In 1828, Lardner was elected as professor of natural philosophy and astronomy at University College, London, a position he held until he resigned in 1831. Anne Boursiquot followed him to London in 1828, taking all but one of her children with her. 

Consequently, from then on Boucicault attended various schools in and around London, about which there is a good deal of confusion. Richard Fawkes has addressed this in a biography. For about four years, from 1829, Boucicault seems to have attended a very small private school in Hampstead kept by a Mr Hessey; between 1833 and 1835 he was at University College School, where he began his friendship with Charles Kenney. He later recalled having boarded in Euston Square with a Rev. Henry Stebbing, a historian. There is a gap of two years in the record, when Fawkes believes Boucicault may have attended Rowland Hill's Bruce Castle School, as stated in the Dictionary of National Biography. In 1837, he was enrolled at Wyke House, a school at Sion Hill, Brentford, kept by a Dr Alexander Jamieson. There he appeared in a school play, in the part of Rolla in Sheridan's Pizarro, and wrote his own first play, The Old Guard, which was produced some years later. After that, according to some accounts he attended a school in Dublin, before returning to London as an apprentice civil engineer to Lardner.

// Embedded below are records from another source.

(* Let $(\Omega,\mathcal{F},P)$ be a probability space, $\mathcal{X}$ a measurable space, $X:\Omega\to\mathcal{X}$ measurable, $u:\mathcal{X}\to\mathbb{R}$ measurable with $\mathbb{E}[u(X)]$ finite, and $\beta\ge 0$. Let $\mathbb{E}_\beta[u(X)]$ denote the unique $v\in\mathbb{R}$ with $\mathbb{E}[(u(X)-v)^+]=(1+\beta)\mathbb{E}[(v-u(X))^+]$. Let $$\mathcal{Q}_\beta=\left\{Q:\ Q\ll P,\ \frac{\mathrm{d}Q}{\mathrm{d}P}=\frac{1_{D^c}+(1+\beta)1_D}{1+\beta P(D)}\text{ for some }D\in\mathcal{F}\right\}.$$ Then $$\mathbb{E}_\beta[u(X)]=\min_{Q\in\mathcal{Q}_\beta}\mathbb{E}^Q[u(X)],$$ and the minimum is attained at $Q^*$ with $\dfrac{\mathrm{d}Q^*}{\mathrm{d}P}=\dfrac{1_{D_X^c}+(1+\beta)1_{D_X}}{1+\beta P(D_X)}$, where $D_X=\{\omega: u(X(\omega))<\mathbb{E}_\beta[u(X)]\}$.
   Context: $s^+=\max\{s,0\}$; $\mathbb{E}^Q$ denotes expectation under $Q$. *)

theory Defs
  imports "HOL-Probability.Probability"
begin

definition expectile_beta :: "'a measure \<Rightarrow> real \<Rightarrow> ('a \<Rightarrow> real) \<Rightarrow> real" where
  "expectile_beta M \<beta> f =
     (THE v. (\<integral>\<omega>. max (f \<omega> - v) 0 \<partial>M) = (1 + \<beta>) * (\<integral>\<omega>. max (v - f \<omega>) 0 \<partial>M))"

definition dens_beta :: "'a measure \<Rightarrow> real \<Rightarrow> 'a set \<Rightarrow> 'a \<Rightarrow> real" where
  "dens_beta M \<beta> D \<omega> =
     (indicator (space M - D) \<omega> + (1 + \<beta>) * indicator D \<omega>) / (1 + \<beta> * measure M D)"

definition Q_of :: "'a measure \<Rightarrow> real \<Rightarrow> 'a set \<Rightarrow> 'a measure" where
  "Q_of M \<beta> D = density M (\<lambda>\<omega>. ennreal (dens_beta M \<beta> D \<omega>))"

definition Q_beta :: "'a measure \<Rightarrow> real \<Rightarrow> 'a measure set" where
  "Q_beta M \<beta> = {Q_of M \<beta> D | D. D \<in> sets M}"

end

theory Submission imports Defs begin

text \<open>Write \<open>E[(f - v)\<^sup>+] - (1 + \<beta>) E[(v - f)\<^sup>+] = E f - v - \<beta> E[(v - f)\<^sup>+]\<close>: the
  right-hand side is continuous, strictly decreasing in \<open>v\<close> and changes sign, so it has a unique
  zero \<open>e\<close>. Using this root equation, for the measure \<open>Q\<^sub>D\<close> with density \<open>dens_beta M \<beta> D\<close> one
  gets \<open>(1 + \<beta> P(D)) (E\<^sub>Q\<^sub>D f - e) = \<beta> E[(e - f)\<^sup>+ - 1\<^sub>D (e - f)]\<close>, and this integrand is
  nonnegative for every \<open>D\<close> and vanishes identically for \<open>D = {f < e}\<close>.\<close>

context prob_space
begin

lemma integral_pos_part_eq:
  fixes f :: "'a \<Rightarrow> real"
  assumes f: "integrable M f"
  shows "(\<integral>\<omega>. max (f \<omega> - v) 0 \<partial>M) = expectation f - v + (\<integral>\<omega>. max (v - f \<omega>) 0 \<partial>M)"
proof -
  have "(\<integral>\<omega>. max (f \<omega> - v) 0 \<partial>M) = (\<integral>\<omega>. (f \<omega> - v) + max (v - f \<omega>) 0 \<partial>M)"
    by (rule Bochner_Integration.integral_cong) auto
  also have "\<dots> = (\<integral>\<omega>. f \<omega> - v \<partial>M) + (\<integral>\<omega>. max (v - f \<omega>) 0 \<partial>M)"
    using f by (intro Bochner_Integration.integral_add) auto
  also have "(\<integral>\<omega>. f \<omega> - v \<partial>M) = expectation f - v"
    using f by (subst Bochner_Integration.integral_diff) (auto simp: prob_space)
  finally show ?thesis .
qed

lemma integral_neg_part_mono:
  fixes f :: "'a \<Rightarrow> real"
  assumes "integrable M f" and "v \<le> w"
  shows "(\<integral>\<omega>. max (v - f \<omega>) 0 \<partial>M) \<le> (\<integral>\<omega>. max (w - f \<omega>) 0 \<partial>M)"
  using assms by (intro integral_mono) auto

lemma lipschitz_integral_neg_part:
  fixes f :: "'a \<Rightarrow> real"
  assumes f: "integrable M f"
  shows "1-lipschitz_on UNIV (\<lambda>v. \<integral>\<omega>. max (v - f \<omega>) 0 \<partial>M)"
proof (rule lipschitz_onI)
  fix v w :: real
  have "\<bar>(\<integral>\<omega>. max (v - f \<omega>) 0 \<partial>M) - (\<integral>\<omega>. max (w - f \<omega>) 0 \<partial>M)\<bar>
      = \<bar>\<integral>\<omega>. max (v - f \<omega>) 0 - max (w - f \<omega>) 0 \<partial>M\<bar>"
    using f by (subst Bochner_Integration.integral_diff) auto
  also have "\<dots> \<le> (\<integral>\<omega>. \<bar>max (v - f \<omega>) 0 - max (w - f \<omega>) 0\<bar> \<partial>M)"
    by (rule integral_abs_bound)
  also have "\<dots> \<le> (\<integral>\<omega>. \<bar>v - w\<bar> \<partial>M)"
    using f by (intro integral_mono) auto
  also have "\<dots> = \<bar>v - w\<bar>"
    by (simp add: prob_space)
  finally show "dist (\<integral>\<omega>. max (v - f \<omega>) 0 \<partial>M) (\<integral>\<omega>. max (w - f \<omega>) 0 \<partial>M) \<le> 1 * dist v w"
    by (simp add: dist_real_def)
qed simp

lemma expectile_equation_iff:
  fixes f :: "'a \<Rightarrow> real"
  assumes "integrable M f"
  shows "(\<integral>\<omega>. max (f \<omega> - v) 0 \<partial>M) = (1 + \<beta>) * (\<integral>\<omega>. max (v - f \<omega>) 0 \<partial>M)
    \<longleftrightarrow> expectation f - v = \<beta> * (\<integral>\<omega>. max (v - f \<omega>) 0 \<partial>M)"
  unfolding integral_pos_part_eq[OF assms] by (auto simp: algebra_simps)

lemma expectile_equation_unique:
  fixes f :: "'a \<Rightarrow> real"
  assumes f: "integrable M f" and \<beta>: "\<beta> \<ge> 0"
  shows "\<exists>!v. (\<integral>\<omega>. max (f \<omega> - v) 0 \<partial>M) = (1 + \<beta>) * (\<integral>\<omega>. max (v - f \<omega>) 0 \<partial>M)"
proof -
  define h where "h v = (\<integral>\<omega>. max (v - f \<omega>) 0 \<partial>M)" for v
  define g where "g v = expectation f - v - \<beta> * h v" for v
  have h_nonneg: "h v \<ge> 0" for v
    unfolding h_def by (rule integral_nonneg_AE) auto
  have g_strict_antimono: "g w < g v" if "v < w" for v w
    using integral_neg_part_mono[OF f, of v w] that \<beta>
    unfolding g_def h_def by (smt (verit) mult_left_mono)
  define v\<^sub>0 where "v\<^sub>0 = expectation f - \<beta> * h (expectation f)"
  have v\<^sub>0_le: "v\<^sub>0 \<le> expectation f"
    unfolding v\<^sub>0_def using h_nonneg \<beta> by simp
  have "h v\<^sub>0 \<le> h (expectation f)"
    unfolding h_def using integral_neg_part_mono[OF f v\<^sub>0_le] .
  then have "g v\<^sub>0 \<ge> 0"
    unfolding g_def v\<^sub>0_def using \<beta> by (simp add: mult_left_mono)
  moreover have "g (expectation f) \<le> 0"
    unfolding g_def using h_nonneg \<beta> by simp
  moreover have "continuous_on UNIV h"
    unfolding h_def using lipschitz_integral_neg_part[OF f] by (rule lipschitz_on_continuous_on)
  then have "continuous_on {v\<^sub>0..expectation f} g"
    unfolding g_def by (auto intro!: continuous_intros elim: continuous_on_subset)
  ultimately obtain v where "g v = 0"
    using IVT2'[of g "expectation f" 0 v\<^sub>0] v\<^sub>0_le by auto
  moreover have "v = w" if "g v = 0" "g w = 0" for v w
    using that g_strict_antimono[of v w] g_strict_antimono[of w v] by fastforce
  ultimately have "\<exists>!v. g v = 0"
    by blast
  then show ?thesis
    unfolding expectile_equation_iff[OF f] g_def h_def by simp
qed

lemma expectile_beta_root:
  fixes f :: "'a \<Rightarrow> real"
  assumes "integrable M f" and "\<beta> \<ge> 0"
  shows "expectation f - expectile_beta M \<beta> f
    = \<beta> * (\<integral>\<omega>. max (expectile_beta M \<beta> f - f \<omega>) 0 \<partial>M)"
  using theI'[OF expectile_equation_unique[OF assms]]
  unfolding expectile_beta_def expectile_equation_iff[OF assms(1)] .

lemma Q_of_normalizer_pos:
  assumes "\<beta> \<ge> 0"
  shows "1 + \<beta> * prob D > 0"
  using assms by (smt (verit) measure_nonneg mult_nonneg_nonneg)

lemma
  fixes f :: "'a \<Rightarrow> real"
  assumes f: "integrable M f" and \<beta>: "\<beta> \<ge> 0" and D: "D \<in> sets M"
  shows integrable_Q_of: "integrable (Q_of M \<beta> D) f"
    and integral_Q_of: "(1 + \<beta> * prob D) * (\<integral>\<omega>. f \<omega> \<partial>Q_of M \<beta> D)
      = expectation f + \<beta> * (\<integral>\<omega>. indicator D \<omega> * f \<omega> \<partial>M)"
proof -
  have f_measurable[measurable]: "f \<in> borel_measurable M"
    using f by auto
  note [measurable] = D
  define c where "c = 1 + \<beta> * prob D"
  have c: "c > 0"
    unfolding c_def using Q_of_normalizer_pos[OF \<beta>] .
  have dens_measurable: "dens_beta M \<beta> D \<in> borel_measurable M"
    unfolding dens_beta_def by measurable
  have dens_nonneg: "AE \<omega> in M. 0 \<le> dens_beta M \<beta> D \<omega>"
    using c \<beta> unfolding dens_beta_def c_def by (auto simp: indicator_def)
  have dens_times_f: "dens_beta M \<beta> D \<omega> * f \<omega> = (f \<omega> + \<beta> * (indicator D \<omega> * f \<omega>)) / c"
    if "\<omega> \<in> space M" for \<omega>
    using that unfolding dens_beta_def c_def by (auto simp: indicator_def field_simps)
  have indicator_f: "integrable M (\<lambda>\<omega>. indicator D \<omega> * f \<omega>)"
    using integrable_mult_indicator[OF D f] by simp
  have "integrable M (\<lambda>\<omega>. dens_beta M \<beta> D \<omega> * f \<omega>)
      \<longleftrightarrow> integrable M (\<lambda>\<omega>. (f \<omega> + \<beta> * (indicator D \<omega> * f \<omega>)) / c)"
    by (rule Bochner_Integration.integrable_cong) (auto simp: dens_times_f)
  then show "integrable (Q_of M \<beta> D) f"
    unfolding Q_of_def integrable_density[OF f_measurable dens_measurable dens_nonneg, simplified]
    using f indicator_f by auto
  have "(\<integral>\<omega>. f \<omega> \<partial>Q_of M \<beta> D) = (\<integral>\<omega>. (f \<omega> + \<beta> * (indicator D \<omega> * f \<omega>)) / c \<partial>M)"
    unfolding Q_of_def integral_density[OF f_measurable dens_measurable dens_nonneg, simplified]
    by (rule Bochner_Integration.integral_cong) (auto simp: dens_times_f)
  also have "\<dots> = (expectation f + \<beta> * (\<integral>\<omega>. indicator D \<omega> * f \<omega> \<partial>M)) / c"
    using f indicator_f by simp
  finally show "(1 + \<beta> * prob D) * (\<integral>\<omega>. f \<omega> \<partial>Q_of M \<beta> D)
      = expectation f + \<beta> * (\<integral>\<omega>. indicator D \<omega> * f \<omega> \<partial>M)"
    using c unfolding c_def by simp
qed

lemma integral_Q_of_minus_expectile_beta:
  fixes f :: "'a \<Rightarrow> real"
  assumes f: "integrable M f" and \<beta>: "\<beta> \<ge> 0" and D: "D \<in> sets M"
  defines "e \<equiv> expectile_beta M \<beta> f"
  shows "(1 + \<beta> * prob D) * ((\<integral>\<omega>. f \<omega> \<partial>Q_of M \<beta> D) - e)
    = \<beta> * (\<integral>\<omega>. max (e - f \<omega>) 0 - indicator D \<omega> * (e - f \<omega>) \<partial>M)"
proof -
  have indicator_f: "integrable M (\<lambda>\<omega>. indicator D \<omega> * f \<omega>)"
    using integrable_mult_indicator[OF D f] by simp
  have indicator_e: "integrable M (\<lambda>\<omega>. e * indicator D \<omega>)"
    using D by (auto simp: emeasure_eq_measure)
  have "(\<integral>\<omega>. indicator D \<omega> * (e - f \<omega>) \<partial>M) = (\<integral>\<omega>. e * indicator D \<omega> - indicator D \<omega> * f \<omega> \<partial>M)"
    by (rule Bochner_Integration.integral_cong) (auto simp: algebra_simps)
  also have "\<dots> = e * prob D - (\<integral>\<omega>. indicator D \<omega> * f \<omega> \<partial>M)"
    using indicator_e indicator_f D by (simp add: Int_absorb2 sets.sets_into_space)
  finally have gap: "(\<integral>\<omega>. max (e - f \<omega>) 0 - indicator D \<omega> * (e - f \<omega>) \<partial>M)
      = (\<integral>\<omega>. max (e - f \<omega>) 0 \<partial>M) - (e * prob D - (\<integral>\<omega>. indicator D \<omega> * f \<omega> \<partial>M))"
    using f D integrable_mult_indicator[OF D, of "\<lambda>\<omega>. e - f \<omega>"]
    by (subst Bochner_Integration.integral_diff) auto
  show ?thesis
    unfolding gap using integral_Q_of[OF f \<beta> D] expectile_beta_root[OF f \<beta>]
    unfolding e_def by (simp add: algebra_simps)
qed

lemma expectile_beta_le_integral_Q_of:
  fixes f :: "'a \<Rightarrow> real"
  assumes f: "integrable M f" and \<beta>: "\<beta> \<ge> 0" and D: "D \<in> sets M"
  shows "expectile_beta M \<beta> f \<le> (\<integral>\<omega>. f \<omega> \<partial>Q_of M \<beta> D)"
proof -
  let ?e = "expectile_beta M \<beta> f"
  have "0 \<le> (\<integral>\<omega>. max (?e - f \<omega>) 0 - indicator D \<omega> * (?e - f \<omega>) \<partial>M)"
    by (rule integral_nonneg_AE) (auto simp: indicator_def)
  then have "0 \<le> (1 + \<beta> * prob D) * ((\<integral>\<omega>. f \<omega> \<partial>Q_of M \<beta> D) - ?e)"
    unfolding integral_Q_of_minus_expectile_beta[OF f \<beta> D] using \<beta> by simp
  then show ?thesis
    using Q_of_normalizer_pos[OF \<beta>, of D] by (simp add: zero_le_mult_iff)
qed

lemma expectile_beta_eq_integral_Q_of_sublevel:
  fixes f :: "'a \<Rightarrow> real"
  assumes f: "integrable M f" and \<beta>: "\<beta> \<ge> 0"
  defines "D \<equiv> {\<omega> \<in> space M. f \<omega> < expectile_beta M \<beta> f}"
  shows "expectile_beta M \<beta> f = (\<integral>\<omega>. f \<omega> \<partial>Q_of M \<beta> D)"
proof -
  let ?e = "expectile_beta M \<beta> f"
  have D_sets: "D \<in> sets M"
    unfolding D_def using borel_measurable_integrable[OF f] by measurable
  have "(\<integral>\<omega>. max (?e - f \<omega>) 0 - indicator D \<omega> * (?e - f \<omega>) \<partial>M) = (\<integral>\<omega>. 0 \<partial>M)"
    by (rule Bochner_Integration.integral_cong) (auto simp: indicator_def D_def)
  then have "(1 + \<beta> * prob D) * ((\<integral>\<omega>. f \<omega> \<partial>Q_of M \<beta> D) - ?e) = 0"
    unfolding integral_Q_of_minus_expectile_beta[OF f \<beta> D_sets] by simp
  then show ?thesis
    using Q_of_normalizer_pos[OF \<beta>, of D] by simp
qed

end

theorem theorem3:
  fixes M :: "'a measure" and N :: "'b measure"
    and X :: "'a \<Rightarrow> 'b" and u :: "'b \<Rightarrow> real" and \<beta> :: real
  assumes "prob_space M"
    and "X \<in> measurable M N"
    and "u \<in> borel_measurable N"
    and "integrable M (\<lambda>\<omega>. u (X \<omega>))"
    and "\<beta> \<ge> 0"
  shows "(\<exists>!v. (\<integral>\<omega>. max (u (X \<omega>) - v) 0 \<partial>M)
                 = (1 + \<beta>) * (\<integral>\<omega>. max (v - u (X \<omega>)) 0 \<partial>M))
    \<and> (let e = expectile_beta M \<beta> (\<lambda>\<omega>. u (X \<omega>));
           D\<^sub>X = {\<omega> \<in> space M. u (X \<omega>) < e}
       in Q_of M \<beta> D\<^sub>X \<in> Q_beta M \<beta>
          \<and> integrable (Q_of M \<beta> D\<^sub>X) (\<lambda>\<omega>. u (X \<omega>))
          \<and> e = (\<integral>\<omega>. u (X \<omega>) \<partial>(Q_of M \<beta> D\<^sub>X))
          \<and> (\<forall>Q \<in> Q_beta M \<beta>. integrable Q (\<lambda>\<omega>. u (X \<omega>))
                 \<and> e \<le> (\<integral>\<omega>. u (X \<omega>) \<partial>Q)))"
proof -
  interpret prob_space M by fact
  define f where "f = (\<lambda>\<omega>. u (X \<omega>))"
  have f: "integrable M f" and \<beta>: "\<beta> \<ge> 0"
    unfolding f_def by fact+
  define D\<^sub>X where "D\<^sub>X = {\<omega> \<in> space M. f \<omega> < expectile_beta M \<beta> f}"
  have D\<^sub>X: "D\<^sub>X \<in> sets M"
    unfolding D\<^sub>X_def using borel_measurable_integrable[OF f] by measurable
  have "\<forall>Q \<in> Q_beta M \<beta>. integrable Q f \<and> expectile_beta M \<beta> f \<le> (\<integral>\<omega>. f \<omega> \<partial>Q)"
    unfolding Q_beta_def
    using integrable_Q_of[OF f \<beta>] expectile_beta_le_integral_Q_of[OF f \<beta>] by blast
  moreover have "Q_of M \<beta> D\<^sub>X \<in> Q_beta M \<beta>"
    unfolding Q_beta_def using D\<^sub>X by blast
  ultimately show ?thesis
    using expectile_equation_unique[OF f \<beta>] integrable_Q_of[OF f \<beta> D\<^sub>X]
      expectile_beta_eq_integral_Q_of_sublevel[OF f \<beta>]
    unfolding Let_def f_def D\<^sub>X_def by simp
qed

end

Work as actor and playwright
Boucicault abandoned his apprenticeship to take up an acting offer in Cheltenham, adopting the stage name of Lee Morton. He joined William Charles Macready and made his first appearance on stage with Benjamin Webster at Bristol. Soon after this he began to write plays, occasionally in conjunction with his acting.

Boucicault's first play, A Legend of the Devil's Dyke, opened in Brighton in 1838. Three years later, he had a big success as a dramatist with London Assurance. First produced at Covent Garden on 4 March 1841, its cast included such well-known actors as Charles Mathews, William Farren, Mrs Nesbitt and Madame Vestris.

Boucicault rapidly followed this with a number of other plays, among the most successful being The Bastile , an "after-piece" (1842), Old Heads and Young Hearts (1844), The School for Scheming (1847), Confidence (1848), and The Knight Arva (1848), all produced at Her Majesty's Theatre. He had further great successes with The Corsican Brothers (1852, for Charles Kean) and Louis XI (1855), both adaptations of French plays.

In his The Vampire (1852), Boucicault made his début as a leading actor, appearing as the vampire Sir Alan Raby. Although the play itself had mixed reviews, Boucicault's characterisation was praised as "a dreadful and weird thing played with immortal genius". In 1854 he wrote Andy Blake; or, The Irish Diamond and also appeared in it, playing the title character.

From 1854 to 1860, Boucicault resided in the United States, where he was always a popular favourite. Boucicault and his actress wife, Agnes Robertson, toured America. He also wrote many successful plays there, acting in most of them. These included the popular Jessie Brown; or, The Relief of Lucknow in 1858.

Work as theatre manager and producer
From around 1855 his business manager and partner in New York was William Stuart, an expatriate Irish MP and adventurer. Together they leased Wallack's Theatre in 1855-1856, and put on a short season at the Washington Theatre in Washington D.C.

In late 1855, while his wife was performing in St. Louis, Boucicault became the lessee of the Varieties Theatre in New Orleans. He quickly renamed it the Gaity and was set to open its doors on the 28th of November. A short delay pushed the opening night back to  December 1 with his play Used Up. During his stay in New Orleans, a false report of his death began to circulate, this rumor was proven false when days later on December 20 he presented The Chameleon at the Gaiety. This was the first appearance of Agnes Robertson at the Gaiety. Shortly after, on February 26 of 1856 Boucicualt was in the market to sell his lease. By March 8 he was out and heading to New York.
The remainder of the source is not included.